RENNES: Fruit de centaines d'heures d'entretiens avec des travailleurs humanitaires, "Dans la mesure de l'impossible", de Tiago Rodrigues, nouveau directeur du Festival d'Avignon, explore dans une création au TNB à Rennes le va-et-vient entre expériences traumatiques et étrange normalité du "chez soi".
Présentée au Théâtre national de Bretagne, la dernière création du nouveau directeur du Festival d'Avignon place le spectateur dans le rôle d'intervieweur face à quatre travailleurs humanitaires de la Croix-Rouge et de Médecins sans Frontières.
Le décor dépouillé, de larges tentures de tissu rappelant des montagnes, un hôpital, une tente, sont actionnées au cours du spectacle par les acteurs. Au coeur de la scène, le percussionniste Gabriel Ferrandini, rythme la pièce de ses envolées sourdes et angoissantes.
D'emblée, le ton est donné: les humanitaires ne sont "pas des héros". Ils exercent un métier "ennuyeux" qui n'a "aucun sens la plupart du temps", comme "n'importe quel travail".
Pourtant, les récits qui s'enchaînent dans plusieurs langues dévoilent une tout autre réalité. "Quand je rentre de mission, les gens veulent savoir comment c'était. Ils veulent des histoires simples, mais le monde n'est pas simple et la complexité n'intéresse personne". Qui tient vraiment à entendre le récit de l'horreur lors d'un repas entre amis? "On est les seuls à savoir, les seuls à comprendre", résume un acteur.
Sans sombrer dans le pathos, le pamphlet ou la morale, la pièce raconte avec une grande force théâtrale ces histoires recueillies sur le terrain et la désillusion qui s'installe peu à peu face à "l'impossible", la guerre et la folie des hommes. "Aucun d'entre nous ne sauvera le monde. On est comme un parapluie face à un tsunami".
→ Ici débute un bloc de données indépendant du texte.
(* Let $\sigma\in\mathcal C_n(321)$ and $\tau\in\mathcal C_m(321)$ with $n,m\ge1$, and let $k$ be the index with $\hat\tau_k=1$. Define the word $$\hat\tau\odot\hat\sigma=(\hat\tau_1+n)\cdots(\hat\tau_k+n)\,\hat\sigma_1\hat\sigma_2\cdots\hat\sigma_n\,(\hat\tau_{k+1}+n)\cdots(\hat\tau_m+n)\in S_{n+m}.$$ Then $\theta^{-1}(\hat\tau\odot\hat\sigma)\in\mathcal C_{n+m}(321)$.
   Context: Permutations of $[n]$ are written in one-line notation. A permutation contains $321$ if there are $i<j<k$ with $\pi_i>\pi_j>\pi_k$. $\mathcal C_n$ is the set of cyclic permutations of $[n]$ (a single $n$-cycle), and $\mathcal C_n(321)$ those avoiding $321$. The standard cycle notation of $\pi$ writes each cycle with its largest element first, as $(m,\pi(m),\pi^2(m),\dots)$, and lists the cycles in increasing order of their largest elements. $\theta:S_n\to S_n$ sends $\pi$ to the permutation whose one-line notation is the standard cycle notation of $\pi$ with parentheses erased; $\hat\pi=\theta(\pi)$. *)

theory Defs
  imports Main
begin

text \<open>Permutations of [n] are represented by their one-line notation: a list
  w of length n with w ! (i-1) = pi(i) for i in {1..n}.\<close>

definition is_perm :: "nat \<Rightarrow> nat list \<Rightarrow> bool" where
  "is_perm n w \<longleftrightarrow> length w = n \<and> distinct w \<and> set w = {1..n}"

definition perm_fun :: "nat list \<Rightarrow> nat \<Rightarrow> nat" where
  "perm_fun w i = w ! (i - 1)"

definition contains321 :: "nat list \<Rightarrow> bool" where
  "contains321 w \<longleftrightarrow> (\<exists>i j k. i < j \<and> j < k \<and> k < length w \<and> w ! i > w ! j \<and> w ! j > w ! k)"

text \<open>Cyclic permutation: a single n-cycle, i.e. the orbit of 1 is all of [n].\<close>
definition cyclic_perm :: "nat \<Rightarrow> nat list \<Rightarrow> bool" where
  "cyclic_perm n w \<longleftrightarrow> is_perm n w \<and> {(perm_fun w ^^ k) 1 | k. True} = {1..n}"

definition Cyc :: "nat \<Rightarrow> nat list set" where
  "Cyc n = {w. cyclic_perm n w}"

definition Cyc321 :: "nat \<Rightarrow> nat list set" where
  "Cyc321 n = {w. cyclic_perm n w \<and> \<not> contains321 w}"

definition cycle_len :: "nat list \<Rightarrow> nat \<Rightarrow> nat" where
  "cycle_len w m = (LEAST k. 0 < k \<and> (perm_fun w ^^ k) m = m)"

definition cycle_list :: "nat list \<Rightarrow> nat \<Rightarrow> nat list" where
  "cycle_list w m = map (\<lambda>k. (perm_fun w ^^ k) m) [0..<cycle_len w m]"

definition cycle_maxima :: "nat list \<Rightarrow> nat set" where
  "cycle_maxima w = {m \<in> {1..length w}. \<forall>k. (perm_fun w ^^ k) m \<le> m}"

text \<open>theta: standard cycle notation (each cycle starting with its largest
  element, cycles in increasing order of largest elements), parentheses erased.\<close>
definition theta :: "nat list \<Rightarrow> nat list" where
  "theta w = concat (map (cycle_list w) (sorted_list_of_set (cycle_maxima w)))"

end

theory Submission
  imports Defs
begin

(* A cyclic permutation of [N] consists of one cycle, with largest element N, so theta maps it to
   that cycle written from N: a word w listing [N], starting with N, along which the permutation
   sends each letter to the next one, cyclically. Conversely, such a word is theta of exactly one
   permutation, and that permutation is cyclic.
   Rotated by k, the word tau-hat . sigma-hat becomes sigma-hat followed by tau-hat shifted by n and
   rotated to end at n+1. So its preimage acts as sigma on [n] and as the shifted tau above n+1,
   except that n+1 goes to n and sigma^-1(n) goes to tau(1)+n. In one-line notation it is sigma with
   n replaced by tau(1)+n, followed by n and the shifted tau(2)...tau(m). A 321 pattern in it lies
   either in the first n places, which are order-isomorphic to sigma, or among the values above n,
   which occur in the order of tau. *)

lemma is_perm_iff_set: "is_perm N w \<longleftrightarrow> length w = N \<and> set w = {1..N}"
  using card_distinct[of w] by (auto simp: is_perm_def)

lemma perm_fun_in:
  assumes "is_perm N p" "x \<in> {1..N}"
  shows "perm_fun p x \<in> {1..N}"
  using assms nth_mem[of "x - 1" p] by (auto simp: is_perm_def perm_fun_def)

lemma inj_on_perm_fun: "is_perm N p \<Longrightarrow> inj_on (perm_fun p) {1..N}"
  by (auto simp: inj_on_def is_perm_def perm_fun_def nth_eq_iff_index_eq)

lemma funpow_in_closed: "f ` A \<subseteq> A \<Longrightarrow> x \<in> A \<Longrightarrow> (f ^^ k) x \<in> A"
  by (induction k) auto

lemma funpow_perm_fun_in: "is_perm N p \<Longrightarrow> x \<in> {1..N} \<Longrightarrow> (perm_fun p ^^ k) x \<in> {1..N}"
  by (intro funpow_in_closed image_subsetI perm_fun_in)

lemma funpow_returns:
  assumes "inj_on f A" "f ` A \<subseteq> A" "finite A" "x \<in> A"
  obtains c where "0 < c" "(f ^^ c) x = x"
proof -
  define g where "g y = (if y \<in> A then f y else y)" for y
  have "inj g"
    using assms(1,2) by (auto simp: inj_def inj_on_def g_def split: if_splits)
  have g_f: "(g ^^ k) x = (f ^^ k) x" for k
    by (induction k) (simp_all add: g_def funpow_in_closed[OF assms(2,4)])
  have "{y. \<exists>k. y = (g ^^ k) x} \<subseteq> A"
    using g_f funpow_in_closed[OF assms(2,4)] by auto
  then have "finite {y. \<exists>k. y = (g ^^ k) x}"
    using assms(3) finite_subset by blast
  then show thesis
    using funpow_inj_finite[OF \<open>inj g\<close>] that g_f by metis
qed

lemma cycle_len_returns:
  assumes "is_perm N p" "x \<in> {1..N}"
  shows "0 < cycle_len p x \<and> (perm_fun p ^^ cycle_len p x) x = x"
proof -
  obtain c where "0 < c" "(perm_fun p ^^ c) x = x"
    using funpow_returns[OF inj_on_perm_fun[OF assms(1)] _ _ assms(2)] perm_fun_in[OF assms(1)]
    by blast
  then show ?thesis
    unfolding cycle_len_def by (rule LeastI[of "\<lambda>k. 0 < k \<and> _ k", OF conjI])
qed

definition follows_cycle :: "nat list \<Rightarrow> nat list \<Rightarrow> bool" where
  "follows_cycle p w \<longleftrightarrow> (\<forall>i<length w. perm_fun p (w ! i) = w ! (Suc i mod length w))"

lemma funpow_follows_cycle:
  assumes "follows_cycle p w" "a < length w"
  shows "(perm_fun p ^^ j) (w ! a) = w ! ((a + j) mod length w)"
proof (induction j)
  case (Suc j)
  have "0 < length w"
    using assms(2) by linarith
  then have "(a + j) mod length w < length w"
    by simp
  then show ?case
    using Suc assms(1) by (simp add: follows_cycle_def mod_Suc_eq)
qed (simp add: assms(2))

lemma follows_cycle_eqI:
  assumes "follows_cycle p u" "follows_cycle p v" "length u = length v" "u ! 0 = v ! 0"
  shows "u = v"
proof (rule nth_equalityI)
  fix i assume "i < length u"
  then show "u ! i = v ! i"
    using funpow_follows_cycle[OF assms(1), of 0 i] funpow_follows_cycle[OF assms(2), of 0 i] assms(3,4)
    by force
qed (fact assms(3))

lemma follows_cycle_rotate:
  assumes "follows_cycle p w"
  shows "follows_cycle p (rotate k w)"
  unfolding follows_cycle_def
proof (intro allI impI)
  fix i assume "i < length (rotate k w)"
  then have i: "i < length w"
    by simp
  then have "0 < length w"
    by linarith
  then have "Suc i mod length w < length w" "(k + i) mod length w < length w"
    by simp_all
  then show "perm_fun p (rotate k w ! i) = rotate k w ! (Suc i mod length (rotate k w))"
    using assms i by (simp add: follows_cycle_def nth_rotate mod_Suc_eq mod_add_right_eq)
qed

lemma follows_cycle_rotate_iff: "follows_cycle p (rotate k w) \<longleftrightarrow> follows_cycle p w"
proof
  assume "follows_cycle p (rotate k w)"
  then have "follows_cycle p (rotate (length w - k mod length w) (rotate k w))"
    by (rule follows_cycle_rotate)
  moreover have "rotate (length w - k mod length w) (rotate k w) = w"
  proof (cases "w = []")
    case False
    then have "length w - k mod length w + k = length w * Suc (k div length w)"
      by (simp add: minus_mod_eq_mult_div [symmetric])
    then show ?thesis
      by (simp add: rotate_rotate)
  qed simp
  ultimately show "follows_cycle p w" by simp
qed (rule follows_cycle_rotate)

lemma follows_cycle_cycle_list:
  assumes "is_perm N p" "x \<in> {1..N}"
  shows "follows_cycle p (cycle_list p x)"
  using cycle_len_returns[OF assms]
  by (auto simp: follows_cycle_def cycle_list_def funpow_mod_eq)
Fils d'une mère médecin, Tiago Rodrigues s'est souvent demandé pourquoi il avait choisi de raconter le monde plutôt que de le sauver. "J'étais très curieux de comprendre le travail des humanitaires et comment le contact très proche avec la catastrophe, la souffrance, le danger, change leur vision du monde et les transforme intimement", raconte le dramaturge portugais à l'AFP.
Des Don Quichotte
"La majorité d'entre eux fait le mieux possible, fait ce qui peut se faire dans la mesure du possible. Mais d'autres vont au-delà et consacrent leur vie à essayer de soigner parfois au-delà du possible", poursuit-il.
Aventuriers romantiques selon le cliché, les travailleurs humanitaires deviennent, sous la plume de Tiago Rodrigues, des individus avec leur part d'ombre, éprouvant une certaine excitation perverse pour les scènes de guerre, avec sexe et alcool comme uniques moyens pour se relaxer. La pédophilie entre aussi dans le paysage.
"Ce sont des gens qui ont des convictions très fortes avec une incroyable capacité à gérer les frustrations, l'impuissance, et pour qui la dignité humaine de l'autre est aussi importante que la nôtre. Ils ont vécu des histoires absolument incroyables qui racontent beaucoup de la condition humaine. Pour qui fait du théâtre, c'est un peu comme parler à des Don Quichotte ou des Hamlet", observe Tiago Rodrigues qui devait accompagner le CICR sur le terrain avant que la crise du covid ne l'en empêche.
Revendiquant un "théâtre documenté" assorti d'une part de fiction, plutôt qu'un théâtre "documentaire", le metteur en scène estime avoir réussi à restituer fidèlement les récits recueillis en présence des acteurs, parmi lesquels la codirectrice de la Comédie de Genève Natacha Koutchoumov.
"Si on veut parler de la forêt il faut parler avec force de quatre ou cinq arbres et laisser au public la possibilité de faire le lien entre ces histoires d'arbres et une idée de forêt impossible à encapsuler dans un spectacle", souligne Tiago Rodrigues.
La pièce sera jouée jusqu'au 5 mars à Rennes avant de tourner en France et en Italie.